Тем не менее ни завещание Эдуарда, ни протесты его друзей ничего не значили. За Гастингса не проголосовали те члены совета, которые «отдали предпочтение семье королевы», и решено было не устанавливать протекторат — Эдуард V должен был немедленно начать править как совершеннолетний король, а созванному совету предстояло помогать ему. Коронацию назначили на 4 мая. Глостер был членом совета, но не имел никакого преимущества перед другими. Это была победа Вудвиллов, и, по утверждению Манчини, торжествующий Дорсет заявлял: «Мы настолько могущественны, что даже без дяди короля (Глостера) можем принимать и проводить решения в жизнь»[412]. 14 апреля в Ладлоу полетели письма, призывающие Риверса и Эдуарда V 1 мая приехать в Лондон в сопровождении небольшого войска, числом не более двух тысяч человек. Тем временем должны были состояться похороны покойного короля.

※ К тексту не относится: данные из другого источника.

lemma eventually_separated_from_best_A:
  fixes An Bn :: "nat \<Rightarrow> 'a set"
  assumes "regular_couple A B" "best_A A B \<noteq> {}" "bounded (best_A A B)"
    and "aw_conv An A" "aw_conv Bn B"
    and "\<And>n. convex (An n)" "\<And>n. An n \<noteq> {}" "\<And>n. convex (Bn n)" "\<And>n. Bn n \<noteq> {}"
    and "\<epsilon> > 0"
  obtains \<gamma> where "\<gamma> > 0"
    "\<forall>\<^sub>F n in sequentially. \<forall>m\<ge>n. \<forall>u\<in>An n. \<forall>w\<in>Bn m.
       \<epsilon> \<le> infdist u (best_A A B) \<longrightarrow> \<gamma> \<le> norm (w - u - gap_vec A B)"
proof -
  have "min \<epsilon> 1 / 2 > 0"
    using assms(10) by simp
  then obtain \<beta> where "\<beta> > 0" and near_E: "\<And>R. \<forall>\<^sub>F n in sequentially. \<forall>m\<ge>n. \<forall>p\<in>An n. \<forall>c\<in>Bn m.
      norm p \<le> R \<longrightarrow> norm (c - p - gap_vec A B) \<le> \<beta> \<longrightarrow> infdist p (best_A A B) \<le> min \<epsilon> 1 / 2"
    using eventually_near_best_A[OF assms(1,4,5)] by blast
  define E where "E = best_A A B"
  define v where "v = gap_vec A B"
  define \<gamma> where "\<gamma> = min 1 \<beta> / 2"
  have \<gamma>: "\<gamma> > 0" "\<gamma> < 1" "2 * \<gamma> \<le> \<beta>"
    using \<open>\<beta> > 0\<close> by (auto simp: \<gamma>_def)
  have "E \<noteq> {}"
    using assms(2) by (simp add: E_def)
  then obtain e0 where "e0 \<in> E"
    by blast
  then have "e0 \<in> A" "e0 + v \<in> B"
    using best_A_add_gap_vec_mem by (auto simp: E_def v_def best_A_def)
  obtain \<rho> where \<rho>: "\<And>e. e \<in> E \<Longrightarrow> dist e0 e \<le> \<rho>"
    using assms(3) bounded_any_center[of E e0] by (auto simp: E_def)
  have "\<forall>\<^sub>F n in sequentially. \<exists>a0\<in>An n. dist e0 a0 < \<gamma>"
    by (rule aw_conv_eventually_near_point[OF assms(4,7) \<open>e0 \<in> A\<close> \<gamma>(1)])
  moreover have "\<forall>\<^sub>F n in sequentially. \<forall>m\<ge>n. \<exists>b0\<in>Bn m. dist (e0 + v) b0 < \<gamma>"
    by (rule eventually_all_ge_at_top[OF aw_conv_eventually_near_point[OF assms(5,9) \<open>e0 + v \<in> B\<close> \<gamma>(1)]])
  moreover note near_E[of "norm e0 + \<rho> + 3", folded E_def v_def]
  ultimately have "\<forall>\<^sub>F n in sequentially. \<forall>m\<ge>n. \<forall>u\<in>An n. \<forall>w\<in>Bn m.
      \<epsilon> \<le> infdist u E \<longrightarrow> \<gamma> \<le> norm (w - u - v)"
  proof eventually_elim
    case (elim n)
    show ?case
    proof (intro allI ballI impI)
      fix m u w
      assume "n \<le> m" "u \<in> An n" "w \<in> Bn m" "\<epsilon> \<le> infdist u E"
      obtain a0 b0 where a0: "a0 \<in> An n" "dist e0 a0 < \<gamma>" and b0: "b0 \<in> Bn m" "dist (e0 + v) b0 < \<gamma>"
        using elim(1,2) \<open>n \<le> m\<close> by blast
      have "norm (b0 - a0 - v) \<le> norm (b0 - (e0 + v)) + norm (e0 - a0)"
        using norm_triangle_ineq[of "b0 - (e0 + v)" "e0 - a0"] by (simp add: algebra_simps)
      then have "norm (b0 - a0 - v) \<le> \<beta>"
        using a0(2) b0(2) \<gamma>(3) by (simp add: dist_norm norm_minus_commute)
      have near: "infdist p E < min \<epsilon> 1"
        if "p \<in> An n" "c \<in> Bn m" "norm (p - a0) \<le> \<rho> + 2" "norm (c - p - v) \<le> \<beta>" for p c
      proof -
        have "norm p \<le> norm e0 + \<rho> + 3"
          using norm_triangle_ineq[of e0 "a0 - e0"] norm_triangle_ineq[of a0 "p - a0"] a0(2) \<gamma>(2) that(3)
          by (simp add: dist_norm norm_minus_commute)
        then show ?thesis
          using elim(3) \<open>n \<le> m\<close> that \<open>min \<epsilon> 1 / 2 > 0\<close> by fastforce
      qed
      have "infdist u E < \<epsilon>" if "norm (w - u - v) \<le> \<beta>"
      proof (rule infdist_less_of_near_pair[OF assms(6,8) a0(1) b0(1) \<open>norm (b0 - a0 - v) \<le> \<beta>\<close>])
        show "dist e0 a0 < 1"
          using a0(2) \<gamma>(2) by linarith
      qed (use \<open>E \<noteq> {}\<close> \<rho> near \<open>u \<in> An n\<close> \<open>w \<in> Bn m\<close> that in auto)
      then show "\<gamma> \<le> norm (w - u - v)"
        using \<open>\<epsilon> \<le> infdist u E\<close> \<gamma>(3) \<open>\<gamma> > 0\<close> by fastforce
    qed
  qed
  then show thesis
    using that \<gamma>(1) by (simp add: E_def v_def)
qed

end

theorem lemma4p6:
  fixes A B :: "'a::{real_inner, complete_space} set"
    and An Bn :: "nat \<Rightarrow> 'a set"
    and a x b y :: "nat \<Rightarrow> 'a"
    and \<delta> \<epsilon> :: real
  assumes "closed A" "convex A" "A \<noteq> {}"
    and "closed B" "convex B" "B \<noteq> {}"
    and "best_A A B \<noteq> {}" "bounded (best_A A B)"
    and "best_B A B \<noteq> {}" "bounded (best_B A B)"
    and "\<And>n. closed (An n) \<and> convex (An n) \<and> An n \<noteq> {}"
    and "\<And>n. closed (Bn n) \<and> convex (Bn n) \<and> Bn n \<noteq> {}"
    and "aw_conv An A" and "aw_conv Bn B"
    and "regular_couple A B"
    and "\<delta> > 0" and "\<epsilon> > 0"
    and "\<And>n. a n \<in> An n \<and> x n \<in> An n"
    and "\<And>n. b n \<in> Bn n \<and> y n \<in> Bn n"
    and "(\<lambda>n. infdist (x n) (best_A A B)) \<longlonglongrightarrow> 0"
    and "(\<lambda>n. infdist (y n) (best_B A B)) \<longlonglongrightarrow> 0"
  shows "\<exists>n2. \<forall>n\<ge>n2.
     ((infdist (a n) (best_A A B) \<ge> 2 * \<epsilon> \<and> infdist (b n) (best_B A B) \<ge> 2 * \<epsilon>
        \<and> a n = metric_proj (An n) (b n))
       \<longrightarrow> cosv (x n - a n) (b n - (a n + gap_vec A B)) \<le> \<delta>)
   \<and> ((infdist (a n) (best_A A B) \<ge> 2 * \<epsilon> \<and> infdist (b (Suc n)) (best_B A B) \<ge> 2 * \<epsilon>
        \<and> b (Suc n) = metric_proj (Bn (Suc n)) (a n))
       \<longrightarrow> cosv (y (Suc n) - b (Suc n)) (a n + gap_vec A B - b (Suc n)) \<le> \<delta>)"
proof -
  interpret convex_couple A B
    using assms(1-6) by unfold_locales
  have An: "\<And>n. closed (An n)" "\<And>n. convex (An n)" "\<And>n. An n \<noteq> {}"
    and Bn: "\<And>n. closed (Bn n)" "\<And>n. convex (Bn n)" "\<And>n. Bn n \<noteq> {}"
    and "2 * \<epsilon> > 0"
    using assms(11,12,17) by auto
  then obtain \<gamma> where "\<gamma> > 0" and separated: "\<forall>\<^sub>F n in sequentially. \<forall>m\<ge>n. \<forall>u\<in>An n. \<forall>w\<in>Bn m.
      2 * \<epsilon> \<le> infdist u (best_A A B) \<longrightarrow> \<gamma> \<le> norm (w - u - gap_vec A B)"
    using eventually_separated_from_best_A[OF assms(15,7,8,13,14) An(2,3) Bn(2,3)] by blast
  have "\<forall>\<^sub>F n in sequentially. \<forall>c. 2 * \<epsilon> \<le> infdist (metric_proj (An n) c) (best_A A B) \<longrightarrow>
      \<gamma> \<le> norm (c - metric_proj (An n) c - gap_vec A B) \<longrightarrow>
      cosv (x n - metric_proj (An n) c) (c - metric_proj (An n) c - gap_vec A B) \<le> \<delta>"
    by (rule eventually_cosv_metric_proj_le[OF assms(13) nonempty_A An assms(7,8) inner_best_A_gap_vec_le])
       (use assms(16,18,20) \<open>2 * \<epsilon> > 0\<close> \<open>\<gamma> > 0\<close> in auto)
  moreover have "\<forall>\<^sub>F n in sequentially. \<forall>c. 2 * \<epsilon> \<le> infdist (metric_proj (Bn (Suc n)) c) (best_B A B) \<longrightarrow>
      \<gamma> \<le> norm (c - metric_proj (Bn (Suc n)) c + gap_vec A B) \<longrightarrow>
      cosv (y (Suc n) - metric_proj (Bn (Suc n)) c) (c - metric_proj (Bn (Suc n)) c + gap_vec A B) \<le> \<delta>"
    using eventually_cosv_metric_proj_le[OF assms(14) nonempty_B Bn assms(9,10), of "- gap_vec A B" y]
      inner_best_B_gap_vec_ge assms(16,19,21) \<open>2 * \<epsilon> > 0\<close> \<open>\<gamma> > 0\<close>
    by (subst eventually_sequentially_Suc) simp
  ultimately show ?thesis
    unfolding eventually_sequentially[symmetric] using separated
  proof eventually_elim
    case (elim n)
    have sep: "\<gamma> \<le> norm (b m - (a n + gap_vec A B))"
      if "n \<le> m" "2 * \<epsilon> \<le> infdist (a n) (best_A A B)" for m
      using elim(3) assms(18,19) that by (simp add: diff_diff_eq)
    show ?case
    proof (intro conjI impI; elim conjE)
      assume "2 * \<epsilon> \<le> infdist (a n) (best_A A B)" "a n = metric_proj (An n) (b n)"
      then show "cosv (x n - a n) (b n - (a n + gap_vec A B)) \<le> \<delta>"
        using elim(1)[rule_format, of "b n"] sep[of n] by (simp add: diff_diff_eq)
    next
      assume "2 * \<epsilon> \<le> infdist (a n) (best_A A B)" "2 * \<epsilon> \<le> infdist (b (Suc n)) (best_B A B)"
        "b (Suc n) = metric_proj (Bn (Suc n)) (a n)"
      then show "cosv (y (Suc n) - b (Suc n)) (a n + gap_vec A B - b (Suc n)) \<le> \<delta>"
        using elim(2)[rule_format, of "a n"] sep[of "Suc n"] by (simp add: norm_minus_commute algebra_simps)
    qed
  qed
qed

end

Церемония производила внушительное впечатление. В день смерти тело Эдуарда с обнаженной грудью было выставлено в Вестминстере и пролежало там двенадцать часов, чтобы его могли увидеть лорды, епископы и старейшины[413]. После этого до похорон прошло еще восемь дней, и только 20 апреля останки повезли в часовню Святого Георгия в Виндзоре, где прошла грандиозная торжественная служба и пели мессы по усопшему. Когда тело короля опустили в землю, его высшие сановники сломали церемониальные жезлы и бросили их на крышку гроба, что означало конец прежнего правления. Сразу же после этого королевские глашатаи громко прокричали: «Le roy est vive!» — «Да здравствует король!» И все внимание обратилось на Эдуарда V.